Des données inadéquates sur un certain groupe de personnes peuvent être la cause d'une injustice. Par exemple, les classificateurs d'images avaient un taux d'erreur plus élevé pour les images de personnes à la peau foncée, car les teins de peau plus foncés étaient sous-représentés dans les données.
Des hypothèses erronées faites pendant le développement causent également des injustices. Par exemple, un système d'analyse faciale destiné à prédire qui va commettre un crime sur la base d'images de visages peut conduire à des hypothèses préjudiciables.

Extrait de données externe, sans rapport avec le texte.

(* Let $k\ge2$ and $n\ge0$. The map $\phi:\mathcal{T}^k_n\to\overline{\mathcal{Q}}^k_n$ defined below is a well-defined bijection from compartmented trees with $n$ edges onto $k$-quasi-Stirling permutations of size $n$. For a non-root vertex $c$ of $T\in\mathcal{T}^k_n$ whose edge to its parent has label $\ell$, define recursively the word $W(c)=\ell\,U_1\,\ell\,U_2\,\ell\cdots\ell\,U_{k-1}\,\ell$, where $U_j$ is the concatenation of $W(c')$ over the children $c'$ of $c$ in its $j$-th compartment, from left to right (so $\ell$ occurs exactly $k$ times in $W(c)$ outside the $U_j$). Then $\phi(T)$ is the concatenation of $W(c)$ over the children $c$ of the root, from left to right. (Equivalently: label each half-edge at a non-root vertex $v$ with the label of the edge from $v$ to its parent, traverse edges and half-edges by a left-to-right depth-first walk, recording edge labels each time an edge is traversed and half-edge labels once.)
   Context: For $k\ge2$, a compartmented tree with $n$ edges is a plane (ordered) rooted tree with $n$ edges labeled bijectively by $\{1,\dots,n\}$, in which every vertex other than the root has $k-2$ unlabeled half-edges serving as walls that separate its children into $k-1$ ordered, possibly empty, compartments (the root has no half-edges; its children form a single ordered list). $\mathcal{T}^k_n$ denotes the set of such trees. A $k$-quasi-Stirling permutation of size $n$ is a permutation $\pi$ of the multiset $\{1^k,\dots,n^k\}$ (each of $1,\dots,n$ appearing $k$ times) with no indices $i<j<m<\ell$ such that $\pi_i=\pi_m\neq\pi_j=\pi_\ell$; $\overline{\mathcal{Q}}^k_n$ is their set. *)

theory Defs
  imports "HOL-Library.Multiset"
begin

text \<open>A non-root vertex: the label of the edge to its parent, and its list of
compartments (each an ordered list of children).  The root is represented by
the ordered list of its children (a forest).\<close>
datatype cnode = CNode nat "cnode list list"

fun wf_node :: "nat \<Rightarrow> cnode \<Rightarrow> bool" where
  "wf_node k (CNode l cs) = (length cs = k - 1 \<and> (\<forall>c\<in>set cs. \<forall>t\<in>set c. wf_node k t))"

fun node_labels :: "cnode \<Rightarrow> nat list" where
  "node_labels (CNode l cs) = l # concat (map (\<lambda>c. concat (map node_labels c)) cs)"

definition forest_labels :: "cnode list \<Rightarrow> nat list" where
  "forest_labels F = concat (map node_labels F)"

definition compartmented_trees :: "nat \<Rightarrow> nat \<Rightarrow> cnode list set" where
  "compartmented_trees k n =
     {F. (\<forall>t\<in>set F. wf_node k t) \<and> distinct (forest_labels F) \<and> set (forest_labels F) = {1..n}}"

fun W :: "cnode \<Rightarrow> nat list" where
  "W (CNode l cs) = l # concat (map (\<lambda>c. concat (map W c) @ [l]) cs)"

definition phi :: "cnode list \<Rightarrow> nat list" where
  "phi F = concat (map W F)"

definition quasi_stirling :: "nat \<Rightarrow> nat \<Rightarrow> nat list set" where
  "quasi_stirling k n =
     {w. mset w = (\<Sum>i\<in>{1..n}. replicate_mset k i) \<and>
         \<not> (\<exists>i j m l. i < j \<and> j < m \<and> m < l \<and> l < length w \<and>
               w ! i = w ! m \<and> w ! j = w ! l \<and> w ! i \<noteq> w ! j)}"

end

theory Submission
  imports Defs "HOL-Library.Sublist"
begin

(* Decoding phi: in a nonempty abab-free word in which every letter occurs k times, the
   first letter a is the label of the first child c of the root, and the other k - 1
   occurrences of a cut the word into the words of the compartments of c, followed by the
   encoding of the remaining children of the root. Avoiding abab forces every letter
   between two occurrences of a to have all its occurrences there, so each piece is again
   such a word and the decoding recurses; with distinct labels the cuts are forced, which
   gives injectivity. Conversely, phi(T) avoids abab because pattern avoidance survives
   inserting a word over a disjoint alphabet and repeating the last letter. *)

section \<open>Words avoiding the pattern abab\<close>

definition abab_free :: "'a list \<Rightarrow> bool" where
  "abab_free w \<longleftrightarrow> (\<forall>a b. subseq [a, b, a, b] w \<longrightarrow> a = b)"

lemma subseq_Cons_drop_iff:
  "subseq (x # xs) (drop p w) \<longleftrightarrow>
     (\<exists>i. p \<le> i \<and> i < length w \<and> w ! i = x \<and> subseq xs (drop (Suc i) w))"
proof (induction "length w - p" arbitrary: p)
  case 0
  then show ?case by auto
next
  case (Suc d)
  let ?Q = "\<lambda>i. i < length w \<and> w ! i = x \<and> subseq xs (drop (Suc i) w)"
  have "drop p w = w ! p # drop (Suc p) w"
    using Suc.hyps(2) by (simp add: Cons_nth_drop_Suc)
  then have "subseq (x # xs) (drop p w) \<longleftrightarrow> ?Q p \<or> subseq (x # xs) (drop (Suc p) w)"
    using Suc.hyps(2) by (auto intro: subseq_Cons')
  also have "\<dots> \<longleftrightarrow> ?Q p \<or> (\<exists>i. Suc p \<le> i \<and> ?Q i)"
    using Suc by simp
  also have "\<dots> \<longleftrightarrow> (\<exists>i. p \<le> i \<and> ?Q i)"
    by (metis Suc_le_eq le_eq_less_or_eq)
  finally show ?case .
qed

lemma subseq_abab_iff_indices:
  "subseq [a, b, a, b] w \<longleftrightarrow>
     (\<exists>i j m l. i < j \<and> j < m \<and> m < l \<and> l < length w \<and>
        w ! i = a \<and> w ! j = b \<and> w ! m = a \<and> w ! l = b)"
proof -
  have "subseq [a, b, a, b] (drop 0 w) \<longleftrightarrow>
      (\<exists>i j m l. i < j \<and> j < m \<and> m < l \<and> l < length w \<and>
         w ! i = a \<and> w ! j = b \<and> w ! m = a \<and> w ! l = b)"
    unfolding subseq_Cons_drop_iff
  proof (simp add: Suc_le_eq, intro iffI)
    assume "\<exists>i<length w. w ! i = a \<and> (\<exists>j>i. j < length w \<and> w ! j = b \<and>
      (\<exists>m>j. m < length w \<and> w ! m = a \<and> (\<exists>l>m. l < length w \<and> w ! l = b)))"
    then show "\<exists>i j. i < j \<and> (\<exists>m>j. \<exists>l>m. l < length w \<and>
      w ! i = a \<and> w ! j = b \<and> w ! m = a \<and> w ! l = b)"
      by blast
  next
    assume "\<exists>i j. i < j \<and> (\<exists>m>j. \<exists>l>m. l < length w \<and>
      w ! i = a \<and> w ! j = b \<and> w ! m = a \<and> w ! l = b)"
    then obtain i j m l where "i < j" "j < m" "m < l" "l < length w"
      "w ! i = a" "w ! j = b" "w ! m = a" "w ! l = b"
      by blast
    then show "\<exists>i<length w. w ! i = a \<and> (\<exists>j>i. j < length w \<and> w ! j = b \<and>
      (\<exists>m>j. m < length w \<and> w ! m = a \<and> (\<exists>l>m. l < length w \<and> w ! l = b)))"
      by (intro exI[of _ i] conjI exI[of _ j] exI[of _ m] exI[of _ l]) auto
  qed
  then show ?thesis
    by simp
qed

Cela pourrait entraîner des dommages substantiels pour les personnes mal classées.
## Comprendre vos modèles et instaurer l'équité
Bien que de nombreux aspects de l'équité ne soient pas pris en compte dans les mesures d'équité quantitatives et qu'il ne soit pas possible de supprimer complètement les biais d'un système pour garantir l'équité, nous sommes toujours responsable de détecter et d'atténuer autant que possible les problèmes d'équité.

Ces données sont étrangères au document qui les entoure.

(* There exists an ultragraph $\mathcal G'$ (with no sinks) whose ultragraph shift space $X'$ is countable and contains a DC1 pair (for a suitable enumeration of the ultrapaths defining the metric); in particular $X'$ has a DC1 pair but no uncountable DC1 set (and is not Li–Yorke chaotic). Concretely, $\mathcal G'$ can be taken with vertices $\{v_n\}_{n\ge0}$, edges $\{e_n\}_{n\ge0}$, $s(e_n)=v_n$ for all $n\ge0$, $r(e_n)=\{v_{n+1}\}$ for $n\ge1$, and $r(e_0)=A$ where $A=\bigcup_{i\ge1}V_i$, $V_1=\{v_1,\dots,v_{k_1}\}$, $V_n=\{v_{t_n+1},\dots,v_{t_n+k_n}\}$ with $t_n=\sum_{i=1}^{n-1}(k_i+\ell_i)$ for $n>1$, for suitably chosen sequences of positive integers $(k_n)$, $(\ell_n)$; the DC1 pair is $(e_1e_2e_3\dots,\ A)$.
   Context: An ultragraph $\mathcal G=(G^0,\mathcal G^1,r,s)$ consists of countable sets $G^0$ (vertices) and $\mathcal G^1$ (edges), a map $s:\mathcal G^1\to G^0$ and a map $r:\mathcal G^1\to P(G^0)\setminus\{\emptyset\}$. Standing assumption: $\mathcal G$ has no sinks, i.e. $s^{-1}(v)\neq\emptyset$ for every $v\in G^0$. $\mathcal G^0$ is the smallest subset of $P(G^0)$ containing $\{v\}$ for all $v\in G^0$ and $r(e)$ for all $e\in\mathcal G^1$, and closed under finite unions and nonempty finite intersections. A finite path is either an element of $\mathcal G^0$ (length $0$) or a sequence of edges $e_1\dots e_k$ with $s(e_{i+1})\in r(e_i)$ (length $k$); an infinite path is a sequence $e_1e_2\dots$ of edges with $s(e_{i+1})\in r(e_i)$ for all $i$, and $\mathfrak p^\infty$ is the set of infinite paths. The set of ultrapaths $\mathfrak p$ consists of all $A\in\mathcal G^0$ (length $0$) and all pairs $(\alpha,A)$ with $\alpha=e_1\dots e_k$ a finite path, $k\ge1$, $A\in\mathcal G^0$, $A\subseteq r(e_k)$ (length $k$). A set $A\in\mathcal G^0$ is an infinite emitter if $\{e\in\mathcal G^1:s(e)\in A\}$ is infinite, and a minimal infinite emitter if moreover no proper subset of $A$ belonging to $\mathcal G^0$ is an infinite emitter. The ultragraph shift space is $X=\mathfrak p^\infty\cup X_{fin}$, where $X_{fin}$ consists of all $(\alpha,A)\in\mathfrak p$ with $|\alpha|\ge1$ and $A$ a minimal infinite emitter contained in $r(\alpha)$, together with all minimal infinite emitters $A\in\mathcal G^0$. An ultrapath $p$ is an initial segment of $x\in X$ when: if $p=A\in\mathcal G^0$, then either $x$ has length $\ge1$ and its first edge has source in $A$, or $x=B\in\mathcal G^0$ with $B\subseteq A$; if $p=(\alpha,A)$ with $|\alpha|\ge1$, then the first $|\alpha|$ edges of $x$ form $\alpha$ and either $x$ has length $>|\alpha|$ and its $(|\alpha|+1)$-th edge has source in $A$, or $x=(\alpha,B)$ with $B\subseteq A$. Fix an enumeration $\mathfrak p=\{p_1,p_2,\dots\}$; the metric on $X$ is $d(x,x)=0$ and, for $x\neq y$, $d(x,y)=2^{-i}$ where $i$ is the least index such that $p_i$ is an initial segment of exactly one of $x,y$. The shift map $\sigma:X\to X$ is $\sigma(\gamma_1\gamma_2\dots)=\gamma_2\gamma_3\dots$, $\sigma((\gamma_1\dots\gamma_n,A))=(\gamma_2\dots\gamma_n,A)$ if $n>1$, $\sigma((\gamma_1,A))=A$, $\sigma(A)=A$. For $\delta>0$, $n\ge1$, $\Phi(n,\delta,x,y)=\frac{\#\{0\le k\le n: d(\sigma^k(x),\sigma^k(y))<\delta\}}{n}$. A pair $(x,y)$ is a DC1 pair if $\limsup_n\Phi(n,\delta,x,y)=1$ for all $\delta>0$ and $\liminf_n\Phi(n,\delta_0,x,y)=0$ for some $\delta_0>0$; a DC1 set is a set in which every pair of distinct points is a DC1 pair. A scrambled (Li–Yorke) pair satisfies $\liminf_n d(\sigma^n x,\sigma^n y)=0<\limsup_n d(\sigma^n x,\sigma^n y)$, and $X$ is Li–Yorke chaotic if it has an uncountable set all of whose distinct pairs are scrambled. *)

theory Defs
  imports Complex_Main "HOL-Library.Liminf_Limsup" "HOL-Library.Countable_Set" "HOL-Library.Extended_Real"
begin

Lorsque nous travaillons avec des modèles de Machine Learning, il est important de comprendre vos modèles en garantissant leur interprétabilité et en évaluant et en atténuant les injustices.
Utilisons l'exemple de sélection de prêt afin de déterminer le niveau d'impact de chaque facteur sur la prédiction.
## Méthodes d'évaluation
1. **Identifier les préjudices (et les avantages)**. La première étape consiste à identifier les préjudices et les avantages. Réfléchissez à la façon dont les actions et les décisions peuvent affecter à la fois les clients potentiels et l'entreprise elle-même.
1. **Identifier les groupes concernés**. Une fois que vous avez compris le type de préjudices ou d'avantages qui peuvent survenir, identifiez les groupes susceptibles d'être touchés. Ces groupes sont-ils définis par le sexe, l'origine ethnique ou le groupe social ?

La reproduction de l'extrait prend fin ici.